Sur le communiqué de l’Union africaine révélé par pagesafrik.info, « Cuba, avait défendu l’inscription de la rumba mélange festif de musiques et de danses, symbole d’une société marginalisée à Cuba. La rumba à Cuba, avec ses chants, ses mouvements, ses gestes et sa musique, est une expression de résistance et d’estime de soi qui évoque également la grâce, la sensualité et la joie de rapprocher les individus ».

A en croire la source, la délégation de Cuba à Addis Abeba a indiqué dédier cette inscription à la mémoire du leader de la révolution cubaine Fidel Castro, décédé le 25 novembre 2016.

Combat perdu pour les deux Congo

Et pourtant en mai 2016, Abdouramane Diallo, représentant-pays de l’Unesco en RDC affirmait : «Le processus est en cours pour que la rumba soit, en fait, inscrite comme élément immatériel au niveau de la région. La RDC, le Congo-Brazzaville et même l’Angola, vont introduire et soumettre la candidature de la rumba comme élément immatériel du patrimoine de l’humanité. Nous sommes en bonne voie, il y a juste un exercice technique qui doit être fait ici par le ministre de la Culture. Il s’agit de faire des inventaires et par après le processus poursuivra».

Pendant cette conférence de presse hebdomadaire de la Monusco, le Directeur de l’Unesco en RDC avait indiqué que ce dossier de classement de la rumba comme patrimoine de l’humanité est soutenu par plusieurs pays, dont ceux de l’Amérique latine.

Il y a même un comité qui a été mis en place à Kinshasa pour suivre l’évolution de ce dossier dans cette instance internationale.

Du « Nkumba » à la Rumba : la danse du nombril

Pour le journaliste culturel Clément Ossingo,  la Rumba est issue de la danse « Nkumba » (la danse du nombril) au Royaume Kongo qui, après son arrivée à Cuba vers XVè siècle, par le canal de la traite négrière, la danse « NKumba », va subir la déformation de la langue espagnole, pour s’appeler désormais « Rumba ». De son évolution à Cuba, trois tendances : la Columbia, le Guanguanco et le Yambu vont connaître, à partir de 1932, un rayonnement en Amérique et Europe.

Le Congo, par le truchement de l’Europe, va se l’approprier au cours des années 40, pour un retour aux sources. Depuis plus de quatre générations, la rumba congolaise proche de la tendance « Yambu » (« yambula » en Kongo) s’y est installée définitivement.

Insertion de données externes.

(* Let $1<p\le\infty$ and $m\in\mathbb N_0$. Let $\varphi\in C_0^k(\mathbb R)$ with $\operatorname{supp}\varphi\subset[0,1]$, $\varphi>0$ on $(0,1)$, and $k>\frac{mp}{p-1}+1$ (read as $k>m+1$ if $p=\infty$), and assume that $\varphi^{(k)}$ has only finitely many zeros in $[0,1]$. Then for all $0\le n\le m$, $$\frac{|\varphi^{(n)}(t)|}{|\varphi(t)|^{1/p}}\in L_\infty([0,1]).$$
   Context: $C_0^k(\mathbb R)$: compactly supported functions whose derivatives up to order $k$ are uniformly continuous. *)

theory Defs
  imports "HOL-Analysis.Analysis"
begin

definition nderiv :: "nat \<Rightarrow> (real \<Rightarrow> real) \<Rightarrow> real \<Rightarrow> real" where
  "nderiv j f = (deriv ^^ j) f"

definition C0k :: "nat \<Rightarrow> (real \<Rightarrow> real) \<Rightarrow> bool" where
  "C0k k f \<longleftrightarrow>
     compact (closure {x. f x \<noteq> 0}) \<and>
     (\<forall>j<k. nderiv j f differentiable_on UNIV) \<and>
     (\<forall>j\<le>k. uniformly_continuous_on UNIV (nderiv j f))"

definition L_infty_on :: "real set \<Rightarrow> (real \<Rightarrow> real) \<Rightarrow> bool" where
  "L_infty_on S f \<longleftrightarrow>
     f \<in> borel_measurable (restrict_space lborel S) \<and>
     (\<exists>C. AE x in lborel. x \<in> S \<longrightarrow> \<bar>f x\<bar> \<le> C)"

end

theory Submission
  imports Defs
begin

(* Near 0 all derivatives of order below k vanish and the k-th one, having
   finitely many zeros, keeps a sign on some (0, e]; since phi > 0 there, that
   sign is positive, and integrating upwards makes f_j = phi^(j), j <= L = k - 1,
   positive and increasing on (0, e]. For such a chain the one-sided Landau
   inequality f_(i+1)^2 <= 2 f_i f_(i+2) holds, i.e. i |-> ln f_i + i^2 ln 2 / 2
   is convex on {0..L}, and the chord inequality for this convex sequence gives
   |phi^(n)|^L <= K phi^(L-n). The same holds near 1 after reflection, and in
   between phi is bounded below. Hence |phi^(n)| / phi^(1/p) <= K phi^((L-n)/L - 1/p),
   which is bounded since (L-n)/L >= 1/p is exactly the hypothesis on k. *)

lemma midpoint_convex_seq_le_chord:
  fixes c :: "nat \<Rightarrow> real"
  assumes convex: "\<And>i. Suc (Suc i) \<le> L \<Longrightarrow> 2 * c (Suc i) \<le> c i + c (Suc (Suc i))"
    and "j \<le> L"
  shows "real L * c j \<le> real (L - j) * c 0 + real j * c L"
proof -
  define d where "d i = c (Suc i) - c i" for i
  have d_mono: "d i \<le> d i'" if "i \<le> i'" "i' < L" for i i'
    using that
  proof (induction i')
    case (Suc i')
    show ?case
    proof (cases "i = Suc i'")
      case False
      then have "d i \<le> d i'" using Suc by simp
      also have "d i' \<le> d (Suc i')" using convex[of i'] Suc.prems by (simp add: d_def)
      finally show ?thesis .
    qed simp
  qed simp
  have telescope: "(\<Sum>i'\<in>{j..<L}. d i') = c L - c j" "(\<Sum>i<j. d i) = c j - c 0"
    using sum_Suc_diff'[OF \<open>j \<le> L\<close>, of c] sum_lessThan_telescope[of c j] by (simp_all add: d_def)
  have "0 \<le> (\<Sum>i<j. \<Sum>i'\<in>{j..<L}. d i' - d i)"
    by (intro sum_nonneg) (simp add: d_mono)
  also have "\<dots> = real j * (c L - c j) - real (L - j) * (c j - c 0)"
    by (simp add: sum_subtractf telescope sum_distrib_left[symmetric])
  finally show ?thesis using \<open>j \<le> L\<close> by (simp add: algebra_simps)
qed

lemma seq_power_interpolation:
  fixes a :: "nat \<Rightarrow> real" and C :: real
  assumes "0 < C" and pos: "\<And>i. i \<le> L \<Longrightarrow> 0 < a i"
    and ratio: "\<And>i. Suc (Suc i) \<le> L \<Longrightarrow> a (Suc i) ^ 2 \<le> C * a i * a (Suc (Suc i))"
    and "j \<le> L"
  shows "a j ^ L \<le> sqrt C ^ (L * j * (L - j)) * a 0 ^ (L - j) * a L ^ j"
proof -
  define c where "c i = ln (a i) + ln C / 2 * real i ^ 2" for i
  have c_convex: "2 * c (Suc i) \<le> c i + c (Suc (Suc i))" if "Suc (Suc i) \<le> L" for i
  proof -
    have "0 < a i" "0 < a (Suc i)" "0 < a (Suc (Suc i))"
      using pos that by simp_all
    then have "ln (a (Suc i) ^ 2) \<le> ln (C * a i * a (Suc (Suc i)))"
      using ratio[OF that] \<open>0 < C\<close> by simp
    then have "2 * ln (a (Suc i)) \<le> ln C + ln (a i) + ln (a (Suc (Suc i)))"
      using \<open>0 < a i\<close> \<open>0 < a (Suc (Suc i))\<close> \<open>0 < C\<close> by (simp add: ln_mult ln_realpow)
    then show ?thesis by (simp add: c_def algebra_simps power2_eq_square)
  qed
  have "real L * ln (a j) \<le> ln C / 2 * real (L * j * (L - j)) + real (L - j) * ln (a 0) + real j * ln (a L)"
    using midpoint_convex_seq_le_chord[of L c, OF c_convex \<open>j \<le> L\<close>] \<open>j \<le> L\<close>
    by (simp add: c_def algebra_simps power2_eq_square)
  moreover have "0 < a 0" "0 < a j" "0 < a L"
    using pos \<open>j \<le> L\<close> by simp_all
  ultimately have "ln (a j ^ L) \<le> ln (sqrt C ^ (L * j * (L - j)) * a 0 ^ (L - j) * a L ^ j)"
    using \<open>0 < C\<close> by (simp add: ln_mult ln_realpow ln_sqrt algebra_simps)
  then show ?thesis
    using \<open>0 < a 0\<close> \<open>0 < a j\<close> \<open>0 < a L\<close> \<open>0 < C\<close> by simp
qed
(* Let $Q$ be an $[[n,k,d]]$ stabilizer code with codespace projector $P_Q$ whose Shor–Laflamme enumerators satisfy $A_{2i+1}=0$ for all $i$. Then $$\sum_{i=0}^n i\cdot 3^{-i}A_i\le\frac n4\,\frac{2^{n-k}}{3^n}\,B_n.$$
   Context: For an $[[n,k,d]]$ stabilizer code with projector $P_Q$ onto its $2^k$-dimensional codespace, the Shor–Laflamme enumerators are $A_i=\frac{1}{2^{2k}}\sum_{\sigma:w(\sigma)=i}\mathrm{Tr}[\sigma P_Q]\mathrm{Tr}[\sigma^\dagger P_Q]$ and $B_i=\frac{1}{2^k}\sum_{\sigma:w(\sigma)=i}\mathrm{Tr}[\sigma P_Q\sigma^\dagger P_Q]$, where $\sigma$ ranges over the $n$-qubit Pauli operators $\{\mathbb{1},X,Y,Z\}^{\otimes n}$ and $w(\sigma)$ is the number of non-identity tensor factors. *)

theory Defs
  imports "Jordan_Normal_Form.Schur_Decomposition" "HOL-Library.Complex_Order"
begin

datatype pauli = PI | PX | PY | PZ

definition pauli_mat :: "pauli \<Rightarrow> complex mat" where
  "pauli_mat p = (case p of
      PI \<Rightarrow> mat_of_rows_list 2 [[1, 0], [0, 1]]
    | PX \<Rightarrow> mat_of_rows_list 2 [[0, 1], [1, 0]]
    | PY \<Rightarrow> mat_of_rows_list 2 [[0, - \<i>], [\<i>, 0]]
    | PZ \<Rightarrow> mat_of_rows_list 2 [[1, 0], [0, -1]])"

text \<open>A Pauli string of length n is a list of n single-qubit Paulis; qubit b
  corresponds to bit b of the computational basis index in {0..<2^n}.
  The matrix entry is the product of the single-qubit entries (Kronecker product).\<close>

definition pauli_string_mat :: "nat \<Rightarrow> pauli list \<Rightarrow> complex mat" where
  "pauli_string_mat n \<sigma> = mat (2^n) (2^n)
     (\<lambda>(r, c). \<Prod>b<n. pauli_mat (\<sigma> ! b) $$ ((r div 2^b) mod 2, (c div 2^b) mod 2))"

definition pauli_strings :: "nat \<Rightarrow> pauli list set" where
  "pauli_strings n = {\<sigma>. length \<sigma> = n}"

definition pweight :: "pauli list \<Rightarrow> nat" where
  "pweight \<sigma> = length (filter (\<lambda>p. p \<noteq> PI) \<sigma>)"

definition pauli_group :: "nat \<Rightarrow> complex mat set" where
  "pauli_group n = {c \<cdot>\<^sub>m pauli_string_mat n \<sigma> | c \<sigma>.
      c \<in> {1, -1, \<i>, -\<i>} \<and> length \<sigma> = n}"

text \<open>A stabilizer group: an abelian subgroup of the n-qubit Pauli group not containing -1.
  (A nonempty finite subset of a group closed under multiplication is a subgroup.)\<close>
definition stabilizer_group :: "nat \<Rightarrow> complex mat set \<Rightarrow> bool" where
  "stabilizer_group n S \<longleftrightarrow>
     S \<subseteq> pauli_group n \<and> 1\<^sub>m (2^n) \<in> S \<and>
     (\<forall>s\<in>S. \<forall>t\<in>S. s * t \<in> S) \<and>
     (\<forall>s\<in>S. \<forall>t\<in>S. s * t = t * s) \<and>
     - 1\<^sub>m (2^n) \<notin> S"

definition stabilizer_code :: "nat \<Rightarrow> nat \<Rightarrow> complex mat set \<Rightarrow> bool" where
  "stabilizer_code n k S \<longleftrightarrow> k \<le> n \<and> stabilizer_group n S \<and> card S = 2^(n-k)"

definition codespace :: "nat \<Rightarrow> complex mat set \<Rightarrow> complex vec set" where
  "codespace n S = {v \<in> carrier_vec (2^n). \<forall>s\<in>S. s *\<^sub>v v = v}"

definition orth_projector_onto :: "nat \<Rightarrow> complex mat \<Rightarrow> complex vec set \<Rightarrow> bool" where
  "orth_projector_onto n P V \<longleftrightarrow>
     P \<in> carrier_mat (2^n) (2^n) \<and> P * P = P \<and> mat_adjoint P = P \<and>
     (\<lambda>v. P *\<^sub>v v) ` carrier_vec (2^n) = V"

definition mtrace :: "complex mat \<Rightarrow> complex" where
  "mtrace A = (\<Sum>i<dim_row A. A $$ (i, i))"

definition SL_A :: "nat \<Rightarrow> nat \<Rightarrow> complex mat \<Rightarrow> nat \<Rightarrow> complex" where
  "SL_A n k P i = 1 / 2^(2*k) *
     (\<Sum>\<sigma>\<in>{\<sigma>\<in>pauli_strings n. pweight \<sigma> = i}.
        mtrace (pauli_string_mat n \<sigma> * P) * mtrace (mat_adjoint (pauli_string_mat n \<sigma>) * P))"

definition SL_B :: "nat \<Rightarrow> nat \<Rightarrow> complex mat \<Rightarrow> nat \<Rightarrow> complex" where
  "SL_B n k P i = 1 / 2^k *
     (\<Sum>\<sigma>\<in>{\<sigma>\<in>pauli_strings n. pweight \<sigma> = i}.
        mtrace (pauli_string_mat n \<sigma> * P * mat_adjoint (pauli_string_mat n \<sigma>) * P))"

end

theory Submission
  imports Defs
begin

(*
  Write s_\<sigma> for the matrix of a Pauli string \<sigma> and, for a box \<T> = T_0 \<times> ... \<times> T_(n-1) of
  strings, \<chi>_\<T>(\<tau>) = \<Prod>_l \<Sum>_(p \<in> T_l) (+1 or -1 as p and \<tau>_l commute or anticommute).
  Expanding traces entrywise and using a single-qubit identity on each tensor factor gives

    2^n \<Sum>_(\<sigma> \<in> \<T>) tr (s_\<sigma> A s_\<sigma> B) = \<Sum>_\<tau> \<chi>_\<T>(\<tau>) tr (s_\<tau> A) tr (s_\<tau> B).

  For \<T> = {X,Y,Z}^n this expresses B_n through the sums defining the A_i, with weight
  3^n (-1/3)^wt(\<tau>). As the odd A_i vanish, (1/3)^i may be replaced by (-1/3)^i on the left,
  and the difference of the two sides becomes a positive multiple of
  \<Sum>_\<tau> (n - 4 wt(\<tau>)) (-1/3)^wt(\<tau>) tr (s_\<tau> P)^2. Summed over the n boxes having the identity
  at exactly one position, the identity produces this weight times 3^(n-1), so the difference is
  a nonnegative combination of the terms tr (s_\<sigma> P s_\<sigma> P) = tr ((P s_\<sigma> P)^2) \<ge> 0.
*)

lemma UNIV_pauli: "(UNIV :: pauli set) = {PI, PX, PY, PZ}"
  using pauli.exhaust by auto

instance pauli :: finite
  by standard (subst UNIV_pauli, simp)

definition pauli_entry :: "pauli \<Rightarrow> nat \<Rightarrow> nat \<Rightarrow> complex" where
  "pauli_entry p x y = (case p of
      PI \<Rightarrow> (if x = y then 1 else 0)
    | PX \<Rightarrow> (if x \<noteq> y then 1 else 0)
    | PY \<Rightarrow> (if x = y then 0 else if x = 0 then - \<i> else \<i>)
    | PZ \<Rightarrow> (if x \<noteq> y then 0 else if x = 0 then 1 else -1))"

lemma pauli_mat_index: "x < 2 \<Longrightarrow> y < 2 \<Longrightarrow> pauli_mat p $$ (x, y) = pauli_entry p x y"
  by (drule less_2_cases)+ (cases p; auto simp: pauli_mat_def pauli_entry_def mat_of_rows_list_def)

lemma cnj_pauli_entry: "x < 2 \<Longrightarrow> y < 2 \<Longrightarrow> cnj (pauli_entry p y x) = pauli_entry p x y"
  by (drule less_2_cases)+ (cases p; auto simp: pauli_entry_def)

definition qubit_val :: "nat \<Rightarrow> nat \<Rightarrow> nat" where
  "qubit_val l r = r div 2 ^ l mod 2"

lemma qubit_val_less: "qubit_val l r < 2"
  by (simp add: qubit_val_def)

lemma pauli_string_mat_carrier [simp]: "pauli_string_mat n \<sigma> \<in> carrier_mat (2^n) (2^n)"
  by (simp add: pauli_string_mat_def)

lemma dim_pauli_string_mat [simp]:
  "dim_row (pauli_string_mat n \<sigma>) = 2^n" "dim_col (pauli_string_mat n \<sigma>) = 2^n"
  by (simp_all add: pauli_string_mat_def)

lemma pauli_string_mat_index:
  "r < 2^n \<Longrightarrow> c < 2^n \<Longrightarrow>
   pauli_string_mat n \<sigma> $$ (r, c) = (\<Prod>l<n. pauli_entry (\<sigma> ! l) (qubit_val l r) (qubit_val l c))"
  by (simp add: pauli_string_mat_def qubit_val_def pauli_mat_index)

lemma dim_mat_adjoint [simp]:
  "dim_row (mat_adjoint A) = dim_col A" "dim_col (mat_adjoint A) = dim_row A"
  by (simp_all add: mat_adjoint_def mat_of_rows_def)

lemma mat_adjoint_index:
  "i < dim_col A \<Longrightarrow> j < dim_row A \<Longrightarrow> mat_adjoint A $$ (i, j) = cnj (A $$ (j, i))"
  by (simp add: mat_adjoint_def mat_of_rows_def)

lemma mat_adjoint_pauli_string_mat: "mat_adjoint (pauli_string_mat n \<sigma>) = pauli_string_mat n \<sigma>"
  by (rule eq_matI)
     (simp_all add: mat_adjoint_index pauli_string_mat_index cnj_pauli_entry qubit_val_less)

definition pauli_strings_in :: "nat \<Rightarrow> (nat \<Rightarrow> pauli set) \<Rightarrow> pauli list set" where
  "pauli_strings_in n T = {\<sigma>. length \<sigma> = n \<and> (\<forall>l<n. \<sigma> ! l \<in> T l)}"

lemma pauli_strings_eq_pauli_strings_in: "pauli_strings n = pauli_strings_in n (\<lambda>_. UNIV)"
  by (simp add: pauli_strings_def pauli_strings_in_def)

La rumba congolaise est un style musical riche par sa diversité des thèmes inspirant les chansons congolaises. Chanté en lingala, le rythme de la « rumba » se compte en 4 temps. Le pas de base consiste à faire un pas sur chacun des 3 premiers temps et une suspension sur le dernier temps. Il faut deux mesures pour faire une boite complète.

Rumba demeure africaine  

La musique et les mouvements de la rumba à Cuba sont principalement associés à la culture africaine (Kongo), mais comportent également des éléments de la culture antillaise et du flamenco espagnol. La rumba à Cuba a pris son essor dans les quartiers marginalisés de plusieurs villes de Cuba telles que La Havane et Matanzas, près d’autres ports et dans les bidonvilles, et est devenue particulièrement populaire dans les zones rurales où vivaient les communautés d’esclaves africains (Kongo).

Connaissant une expansion d’ouest en est sur le territoire, la rumba a constitué un symbole majeur pour une couche marginalisée de la société cubaine et pour l’identité cubaine. Elle permet d’exprimer l’estime de soi et la résistance, et contribue au rayonnement social en enrichissant la vie des communautés qui la pratiquent.

Notons que Le Comité de sauvegarde du patrimoine culturel immatériel de l’humanité, qui a siégé du 28 novembre au 2 décembre 2016 en Éthiopie, a examiné 37 dossiers portant sur différents types de patrimoine vivant (danse, musique, gastronomie, fêtes ou festivals…).